Dataset entries
★ ★ ★ ★

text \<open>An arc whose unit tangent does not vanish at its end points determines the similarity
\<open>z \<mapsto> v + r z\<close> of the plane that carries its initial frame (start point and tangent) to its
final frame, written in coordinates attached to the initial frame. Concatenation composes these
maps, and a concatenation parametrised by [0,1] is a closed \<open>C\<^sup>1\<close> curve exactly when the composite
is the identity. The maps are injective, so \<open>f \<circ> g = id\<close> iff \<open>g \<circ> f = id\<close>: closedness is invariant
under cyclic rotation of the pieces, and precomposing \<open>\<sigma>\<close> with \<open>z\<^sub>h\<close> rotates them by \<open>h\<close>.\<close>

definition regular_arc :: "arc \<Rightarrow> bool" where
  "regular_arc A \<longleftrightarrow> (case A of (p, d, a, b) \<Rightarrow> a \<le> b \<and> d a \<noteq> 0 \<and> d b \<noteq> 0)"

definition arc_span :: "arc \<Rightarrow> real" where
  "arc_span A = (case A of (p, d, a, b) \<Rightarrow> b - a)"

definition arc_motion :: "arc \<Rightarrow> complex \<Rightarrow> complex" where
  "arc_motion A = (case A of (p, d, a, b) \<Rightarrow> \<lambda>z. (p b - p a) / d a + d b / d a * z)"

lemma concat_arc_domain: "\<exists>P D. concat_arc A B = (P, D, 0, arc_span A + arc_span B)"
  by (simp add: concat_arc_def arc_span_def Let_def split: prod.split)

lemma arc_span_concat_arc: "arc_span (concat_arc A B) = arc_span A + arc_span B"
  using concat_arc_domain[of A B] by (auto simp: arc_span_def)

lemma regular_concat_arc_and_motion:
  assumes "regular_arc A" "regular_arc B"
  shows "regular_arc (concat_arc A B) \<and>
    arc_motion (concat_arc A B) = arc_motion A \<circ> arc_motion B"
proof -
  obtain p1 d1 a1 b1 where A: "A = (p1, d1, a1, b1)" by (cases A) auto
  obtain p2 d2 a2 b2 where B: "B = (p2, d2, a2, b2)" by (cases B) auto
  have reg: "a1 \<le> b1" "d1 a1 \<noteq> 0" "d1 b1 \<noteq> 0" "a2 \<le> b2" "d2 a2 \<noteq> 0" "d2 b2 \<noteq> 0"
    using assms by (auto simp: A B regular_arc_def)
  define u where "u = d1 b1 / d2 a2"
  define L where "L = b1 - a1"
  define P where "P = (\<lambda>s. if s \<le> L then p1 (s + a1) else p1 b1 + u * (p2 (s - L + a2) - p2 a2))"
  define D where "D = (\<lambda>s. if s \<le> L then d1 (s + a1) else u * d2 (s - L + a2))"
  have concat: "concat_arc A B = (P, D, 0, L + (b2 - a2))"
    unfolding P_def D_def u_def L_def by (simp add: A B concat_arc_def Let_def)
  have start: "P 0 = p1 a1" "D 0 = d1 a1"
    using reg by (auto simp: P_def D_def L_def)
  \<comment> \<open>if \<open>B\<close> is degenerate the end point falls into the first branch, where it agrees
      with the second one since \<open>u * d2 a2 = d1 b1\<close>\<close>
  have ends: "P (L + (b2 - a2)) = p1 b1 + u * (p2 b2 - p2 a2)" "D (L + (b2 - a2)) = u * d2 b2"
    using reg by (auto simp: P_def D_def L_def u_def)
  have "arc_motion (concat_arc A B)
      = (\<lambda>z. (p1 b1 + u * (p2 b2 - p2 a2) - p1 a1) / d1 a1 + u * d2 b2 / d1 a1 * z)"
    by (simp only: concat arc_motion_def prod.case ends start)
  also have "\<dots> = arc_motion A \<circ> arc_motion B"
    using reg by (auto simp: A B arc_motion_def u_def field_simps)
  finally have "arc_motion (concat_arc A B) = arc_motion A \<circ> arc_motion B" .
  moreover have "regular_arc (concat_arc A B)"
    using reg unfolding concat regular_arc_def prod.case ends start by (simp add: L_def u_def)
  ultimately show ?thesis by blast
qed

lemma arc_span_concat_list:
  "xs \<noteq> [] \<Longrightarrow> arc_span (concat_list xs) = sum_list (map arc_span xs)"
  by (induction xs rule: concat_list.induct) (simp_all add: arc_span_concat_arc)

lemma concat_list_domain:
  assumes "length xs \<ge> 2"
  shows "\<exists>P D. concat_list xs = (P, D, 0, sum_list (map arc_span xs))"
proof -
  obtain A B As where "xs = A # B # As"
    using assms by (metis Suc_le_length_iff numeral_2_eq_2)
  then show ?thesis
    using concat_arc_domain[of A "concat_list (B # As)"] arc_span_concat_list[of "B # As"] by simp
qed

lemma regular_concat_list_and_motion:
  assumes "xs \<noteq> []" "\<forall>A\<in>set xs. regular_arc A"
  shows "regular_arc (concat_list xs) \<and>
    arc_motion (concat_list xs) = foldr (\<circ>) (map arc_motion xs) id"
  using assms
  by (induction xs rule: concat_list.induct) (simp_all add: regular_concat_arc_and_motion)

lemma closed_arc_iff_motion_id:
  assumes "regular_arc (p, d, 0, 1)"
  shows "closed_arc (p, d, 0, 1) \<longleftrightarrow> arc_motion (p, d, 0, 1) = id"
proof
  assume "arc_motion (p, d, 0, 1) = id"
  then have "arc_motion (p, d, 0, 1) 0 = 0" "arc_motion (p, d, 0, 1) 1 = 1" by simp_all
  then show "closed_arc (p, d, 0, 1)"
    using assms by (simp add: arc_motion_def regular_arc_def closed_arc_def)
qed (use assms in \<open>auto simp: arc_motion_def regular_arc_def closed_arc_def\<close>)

★ ★ ★ ★

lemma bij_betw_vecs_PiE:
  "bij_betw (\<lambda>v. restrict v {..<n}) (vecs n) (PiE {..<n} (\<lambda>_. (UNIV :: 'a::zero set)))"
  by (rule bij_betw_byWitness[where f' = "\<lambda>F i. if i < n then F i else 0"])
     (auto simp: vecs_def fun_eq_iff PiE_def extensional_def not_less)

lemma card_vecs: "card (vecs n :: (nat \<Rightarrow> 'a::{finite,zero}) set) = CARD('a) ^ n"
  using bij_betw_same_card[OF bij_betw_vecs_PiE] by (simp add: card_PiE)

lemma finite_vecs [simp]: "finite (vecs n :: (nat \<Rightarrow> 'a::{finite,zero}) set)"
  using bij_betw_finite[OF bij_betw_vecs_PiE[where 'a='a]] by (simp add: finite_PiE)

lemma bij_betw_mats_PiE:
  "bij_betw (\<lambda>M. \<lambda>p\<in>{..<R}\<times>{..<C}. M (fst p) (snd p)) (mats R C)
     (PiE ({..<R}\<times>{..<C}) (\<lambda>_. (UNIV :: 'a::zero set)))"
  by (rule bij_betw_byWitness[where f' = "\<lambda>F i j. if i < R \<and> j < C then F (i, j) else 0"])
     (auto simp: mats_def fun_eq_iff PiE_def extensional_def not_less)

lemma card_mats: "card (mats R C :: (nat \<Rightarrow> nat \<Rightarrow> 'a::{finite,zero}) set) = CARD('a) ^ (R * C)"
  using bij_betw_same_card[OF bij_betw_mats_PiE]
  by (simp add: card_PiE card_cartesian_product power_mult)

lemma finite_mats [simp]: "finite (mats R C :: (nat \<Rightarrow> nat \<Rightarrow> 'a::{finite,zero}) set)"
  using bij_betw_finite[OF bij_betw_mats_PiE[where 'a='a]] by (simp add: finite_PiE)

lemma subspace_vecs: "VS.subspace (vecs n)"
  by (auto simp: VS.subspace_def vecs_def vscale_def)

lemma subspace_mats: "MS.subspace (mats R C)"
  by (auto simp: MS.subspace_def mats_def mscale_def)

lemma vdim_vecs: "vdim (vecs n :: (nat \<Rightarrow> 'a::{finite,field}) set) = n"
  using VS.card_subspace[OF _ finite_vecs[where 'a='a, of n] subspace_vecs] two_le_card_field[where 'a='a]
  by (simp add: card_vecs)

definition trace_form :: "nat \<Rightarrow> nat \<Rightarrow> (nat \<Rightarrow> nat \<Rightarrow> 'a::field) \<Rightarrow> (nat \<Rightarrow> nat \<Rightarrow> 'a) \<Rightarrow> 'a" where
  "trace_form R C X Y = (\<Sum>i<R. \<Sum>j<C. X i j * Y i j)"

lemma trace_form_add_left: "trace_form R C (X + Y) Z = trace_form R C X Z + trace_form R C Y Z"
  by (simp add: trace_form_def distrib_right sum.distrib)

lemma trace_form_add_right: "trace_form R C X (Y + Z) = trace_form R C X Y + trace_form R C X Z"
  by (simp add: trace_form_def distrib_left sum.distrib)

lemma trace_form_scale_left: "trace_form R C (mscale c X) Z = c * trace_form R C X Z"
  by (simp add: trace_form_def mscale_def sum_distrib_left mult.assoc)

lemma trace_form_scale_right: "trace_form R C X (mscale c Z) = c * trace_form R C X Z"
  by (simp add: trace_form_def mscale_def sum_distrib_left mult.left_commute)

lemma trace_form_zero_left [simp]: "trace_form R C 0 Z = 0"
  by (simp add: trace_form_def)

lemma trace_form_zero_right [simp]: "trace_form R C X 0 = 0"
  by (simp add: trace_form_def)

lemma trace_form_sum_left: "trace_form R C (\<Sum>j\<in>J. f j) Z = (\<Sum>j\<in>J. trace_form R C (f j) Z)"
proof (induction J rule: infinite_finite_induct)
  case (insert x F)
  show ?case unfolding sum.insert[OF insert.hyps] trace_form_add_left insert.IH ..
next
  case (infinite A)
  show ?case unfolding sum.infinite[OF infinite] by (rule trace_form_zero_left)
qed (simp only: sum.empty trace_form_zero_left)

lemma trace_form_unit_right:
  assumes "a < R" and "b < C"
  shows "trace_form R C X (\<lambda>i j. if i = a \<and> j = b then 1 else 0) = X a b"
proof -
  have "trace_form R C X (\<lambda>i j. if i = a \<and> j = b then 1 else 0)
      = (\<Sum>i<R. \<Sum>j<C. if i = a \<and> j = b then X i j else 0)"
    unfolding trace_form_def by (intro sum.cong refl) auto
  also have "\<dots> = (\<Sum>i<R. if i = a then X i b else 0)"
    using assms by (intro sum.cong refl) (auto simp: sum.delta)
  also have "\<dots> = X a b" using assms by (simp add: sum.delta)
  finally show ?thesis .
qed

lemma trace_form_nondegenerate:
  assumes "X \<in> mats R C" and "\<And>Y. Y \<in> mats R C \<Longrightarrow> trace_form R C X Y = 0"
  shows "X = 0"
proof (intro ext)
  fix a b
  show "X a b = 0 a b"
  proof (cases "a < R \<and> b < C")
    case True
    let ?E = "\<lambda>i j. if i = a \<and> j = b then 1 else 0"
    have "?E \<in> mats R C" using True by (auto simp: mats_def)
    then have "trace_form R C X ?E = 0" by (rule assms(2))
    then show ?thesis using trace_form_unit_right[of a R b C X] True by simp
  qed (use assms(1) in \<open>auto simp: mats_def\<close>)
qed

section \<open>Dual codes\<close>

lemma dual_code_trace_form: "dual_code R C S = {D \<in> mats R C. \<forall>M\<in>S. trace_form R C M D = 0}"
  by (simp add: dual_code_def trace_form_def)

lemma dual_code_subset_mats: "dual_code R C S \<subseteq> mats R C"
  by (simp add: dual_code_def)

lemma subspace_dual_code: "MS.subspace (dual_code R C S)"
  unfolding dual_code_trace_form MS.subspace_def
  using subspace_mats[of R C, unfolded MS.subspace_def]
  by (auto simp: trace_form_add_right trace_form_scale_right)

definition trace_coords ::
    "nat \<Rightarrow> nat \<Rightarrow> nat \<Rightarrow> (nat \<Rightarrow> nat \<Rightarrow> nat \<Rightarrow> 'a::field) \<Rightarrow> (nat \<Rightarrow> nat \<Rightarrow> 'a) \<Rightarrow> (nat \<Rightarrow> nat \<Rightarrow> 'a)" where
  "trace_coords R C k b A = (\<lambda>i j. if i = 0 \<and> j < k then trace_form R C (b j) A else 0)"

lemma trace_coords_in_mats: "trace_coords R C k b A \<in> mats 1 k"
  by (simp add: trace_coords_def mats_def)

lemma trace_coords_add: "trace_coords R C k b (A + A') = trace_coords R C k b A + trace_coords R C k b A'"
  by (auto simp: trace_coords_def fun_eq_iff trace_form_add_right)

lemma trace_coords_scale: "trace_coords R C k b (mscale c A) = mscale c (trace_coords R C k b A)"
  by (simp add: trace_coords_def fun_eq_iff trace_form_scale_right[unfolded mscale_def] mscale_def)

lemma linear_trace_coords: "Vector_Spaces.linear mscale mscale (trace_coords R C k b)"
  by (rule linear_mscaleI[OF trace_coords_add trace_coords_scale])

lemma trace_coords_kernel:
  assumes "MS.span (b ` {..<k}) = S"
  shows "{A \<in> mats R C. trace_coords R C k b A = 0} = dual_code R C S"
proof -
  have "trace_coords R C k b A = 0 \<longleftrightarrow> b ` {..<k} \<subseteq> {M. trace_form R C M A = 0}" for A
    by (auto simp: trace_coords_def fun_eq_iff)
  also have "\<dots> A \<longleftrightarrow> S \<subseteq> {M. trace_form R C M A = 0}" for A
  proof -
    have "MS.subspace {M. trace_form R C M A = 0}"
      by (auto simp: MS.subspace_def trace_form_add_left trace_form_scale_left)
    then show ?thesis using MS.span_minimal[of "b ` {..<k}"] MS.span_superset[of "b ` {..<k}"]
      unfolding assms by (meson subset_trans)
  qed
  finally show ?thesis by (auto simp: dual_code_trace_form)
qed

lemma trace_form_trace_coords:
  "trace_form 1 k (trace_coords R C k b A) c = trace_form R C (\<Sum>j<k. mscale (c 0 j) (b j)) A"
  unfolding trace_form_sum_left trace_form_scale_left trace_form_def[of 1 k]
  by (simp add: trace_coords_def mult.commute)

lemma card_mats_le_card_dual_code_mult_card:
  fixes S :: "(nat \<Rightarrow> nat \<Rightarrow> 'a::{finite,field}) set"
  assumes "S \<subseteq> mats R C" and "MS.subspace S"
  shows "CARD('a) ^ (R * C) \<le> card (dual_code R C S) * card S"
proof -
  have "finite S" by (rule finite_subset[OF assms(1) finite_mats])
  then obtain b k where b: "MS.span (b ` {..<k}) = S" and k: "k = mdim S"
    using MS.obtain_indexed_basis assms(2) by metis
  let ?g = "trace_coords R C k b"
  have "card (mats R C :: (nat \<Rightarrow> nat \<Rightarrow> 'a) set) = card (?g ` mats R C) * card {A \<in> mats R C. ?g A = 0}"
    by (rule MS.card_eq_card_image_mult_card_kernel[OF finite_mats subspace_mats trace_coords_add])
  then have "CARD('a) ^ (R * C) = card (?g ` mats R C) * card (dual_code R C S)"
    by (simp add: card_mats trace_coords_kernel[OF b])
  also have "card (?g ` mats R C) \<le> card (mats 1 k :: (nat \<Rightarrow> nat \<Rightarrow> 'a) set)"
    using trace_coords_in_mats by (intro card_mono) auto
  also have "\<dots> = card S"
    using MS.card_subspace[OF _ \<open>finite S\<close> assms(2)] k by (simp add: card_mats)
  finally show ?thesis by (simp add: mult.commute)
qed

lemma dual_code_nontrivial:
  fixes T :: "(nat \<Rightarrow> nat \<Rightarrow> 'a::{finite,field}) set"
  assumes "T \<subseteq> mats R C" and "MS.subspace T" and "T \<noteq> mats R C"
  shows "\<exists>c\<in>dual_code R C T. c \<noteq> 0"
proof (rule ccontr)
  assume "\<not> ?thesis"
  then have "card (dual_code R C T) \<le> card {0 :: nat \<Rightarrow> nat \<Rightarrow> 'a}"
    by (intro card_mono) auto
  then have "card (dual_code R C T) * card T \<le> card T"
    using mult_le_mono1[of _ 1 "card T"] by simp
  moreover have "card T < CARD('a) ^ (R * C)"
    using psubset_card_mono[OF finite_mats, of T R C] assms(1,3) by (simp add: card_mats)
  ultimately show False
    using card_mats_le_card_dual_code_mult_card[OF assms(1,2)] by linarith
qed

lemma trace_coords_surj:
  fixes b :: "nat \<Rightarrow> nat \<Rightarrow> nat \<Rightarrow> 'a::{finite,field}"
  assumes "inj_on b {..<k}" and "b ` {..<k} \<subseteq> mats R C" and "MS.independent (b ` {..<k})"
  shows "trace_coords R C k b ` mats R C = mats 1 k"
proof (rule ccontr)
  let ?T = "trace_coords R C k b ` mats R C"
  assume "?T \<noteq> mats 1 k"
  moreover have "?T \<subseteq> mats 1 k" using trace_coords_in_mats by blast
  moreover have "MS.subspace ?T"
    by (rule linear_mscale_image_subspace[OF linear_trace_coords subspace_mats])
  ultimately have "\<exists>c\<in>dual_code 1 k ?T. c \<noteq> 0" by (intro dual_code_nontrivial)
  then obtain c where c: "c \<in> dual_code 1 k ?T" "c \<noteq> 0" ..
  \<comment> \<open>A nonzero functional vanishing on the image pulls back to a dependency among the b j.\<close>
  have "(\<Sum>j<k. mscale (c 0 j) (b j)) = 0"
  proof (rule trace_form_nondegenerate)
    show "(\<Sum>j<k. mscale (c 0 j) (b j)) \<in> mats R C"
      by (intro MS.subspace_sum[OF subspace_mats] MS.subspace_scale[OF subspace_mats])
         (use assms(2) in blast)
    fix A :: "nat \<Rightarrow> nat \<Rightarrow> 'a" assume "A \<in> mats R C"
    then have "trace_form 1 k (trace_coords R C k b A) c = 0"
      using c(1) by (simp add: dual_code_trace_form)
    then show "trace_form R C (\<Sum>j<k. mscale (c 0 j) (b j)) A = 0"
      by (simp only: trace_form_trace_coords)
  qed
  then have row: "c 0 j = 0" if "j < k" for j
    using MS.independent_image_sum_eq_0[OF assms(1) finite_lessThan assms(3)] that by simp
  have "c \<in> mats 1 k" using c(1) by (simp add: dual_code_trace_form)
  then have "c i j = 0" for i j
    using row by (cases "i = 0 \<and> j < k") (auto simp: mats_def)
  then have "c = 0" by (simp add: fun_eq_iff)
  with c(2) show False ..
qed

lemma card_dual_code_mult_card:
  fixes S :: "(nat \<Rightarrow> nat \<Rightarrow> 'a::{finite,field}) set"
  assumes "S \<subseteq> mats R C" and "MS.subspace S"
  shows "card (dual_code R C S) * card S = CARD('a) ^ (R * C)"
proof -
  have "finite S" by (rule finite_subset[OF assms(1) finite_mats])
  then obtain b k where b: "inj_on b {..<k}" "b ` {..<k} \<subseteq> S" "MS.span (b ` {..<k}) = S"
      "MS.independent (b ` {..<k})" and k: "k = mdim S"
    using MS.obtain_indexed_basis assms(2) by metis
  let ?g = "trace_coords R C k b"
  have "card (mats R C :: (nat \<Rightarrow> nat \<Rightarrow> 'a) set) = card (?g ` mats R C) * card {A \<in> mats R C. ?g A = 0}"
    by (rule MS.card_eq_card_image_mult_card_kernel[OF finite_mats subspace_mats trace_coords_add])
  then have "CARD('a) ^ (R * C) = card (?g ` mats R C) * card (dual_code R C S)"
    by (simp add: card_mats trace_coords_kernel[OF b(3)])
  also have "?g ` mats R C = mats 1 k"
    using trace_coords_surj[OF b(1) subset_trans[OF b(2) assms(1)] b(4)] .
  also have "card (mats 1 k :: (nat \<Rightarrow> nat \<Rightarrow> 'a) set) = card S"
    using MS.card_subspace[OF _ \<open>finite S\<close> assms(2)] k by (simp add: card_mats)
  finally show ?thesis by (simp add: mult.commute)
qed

★ ★ ★ ★

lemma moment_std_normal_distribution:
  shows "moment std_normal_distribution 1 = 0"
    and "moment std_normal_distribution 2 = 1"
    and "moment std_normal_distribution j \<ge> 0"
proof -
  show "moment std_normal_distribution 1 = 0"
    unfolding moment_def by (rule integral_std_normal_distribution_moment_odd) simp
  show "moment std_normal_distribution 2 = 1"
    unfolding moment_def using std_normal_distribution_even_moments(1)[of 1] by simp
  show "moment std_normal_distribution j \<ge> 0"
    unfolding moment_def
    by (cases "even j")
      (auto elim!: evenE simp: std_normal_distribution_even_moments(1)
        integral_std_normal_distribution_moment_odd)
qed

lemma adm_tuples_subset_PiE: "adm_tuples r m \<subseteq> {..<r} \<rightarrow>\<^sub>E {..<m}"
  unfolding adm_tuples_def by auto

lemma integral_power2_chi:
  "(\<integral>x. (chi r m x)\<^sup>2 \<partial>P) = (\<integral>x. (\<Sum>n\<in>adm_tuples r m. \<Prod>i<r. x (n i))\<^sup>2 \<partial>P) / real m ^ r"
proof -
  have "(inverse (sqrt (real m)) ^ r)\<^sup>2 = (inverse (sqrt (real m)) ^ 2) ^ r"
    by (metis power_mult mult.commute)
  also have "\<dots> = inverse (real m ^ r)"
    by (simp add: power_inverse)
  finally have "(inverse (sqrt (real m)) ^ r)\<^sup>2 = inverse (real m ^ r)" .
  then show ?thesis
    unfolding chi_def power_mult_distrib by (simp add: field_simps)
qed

★ ★ ★ ★

#### What needs to be done
Could you return exactly the stretch of the data above that starts at the line with "(auto simp: vecs_def" and ends at the line with "using bij_betw_same_card[OF bij_betw_mats_PiE]", both lines included?

#### Worked solution
     (auto simp: vecs_def fun_eq_iff PiE_def extensional_def not_less)

lemma card_vecs: "card (vecs n :: (nat \<Rightarrow> 'a::{finite,zero}) set) = CARD('a) ^ n"
  using bij_betw_same_card[OF bij_betw_vecs_PiE] by (simp add: card_PiE)

lemma finite_vecs [simp]: "finite (vecs n :: (nat \<Rightarrow> 'a::{finite,zero}) set)"
  using bij_betw_finite[OF bij_betw_vecs_PiE[where 'a='a]] by (simp add: finite_PiE)

lemma bij_betw_mats_PiE:
  "bij_betw (\<lambda>M. \<lambda>p\<in>{..<R}\<times>{..<C}. M (fst p) (snd p)) (mats R C)
     (PiE ({..<R}\<times>{..<C}) (\<lambda>_. (UNIV :: 'a::zero set)))"
  by (rule bij_betw_byWitness[where f' = "\<lambda>F i j. if i < R \<and> j < C then F (i, j) else 0"])
     (auto simp: mats_def fun_eq_iff PiE_def extensional_def not_less)

lemma card_mats: "card (mats R C :: (nat \<Rightarrow> nat \<Rightarrow> 'a::{finite,zero}) set) = CARD('a) ^ (R * C)"
  using bij_betw_same_card[OF bij_betw_mats_PiE]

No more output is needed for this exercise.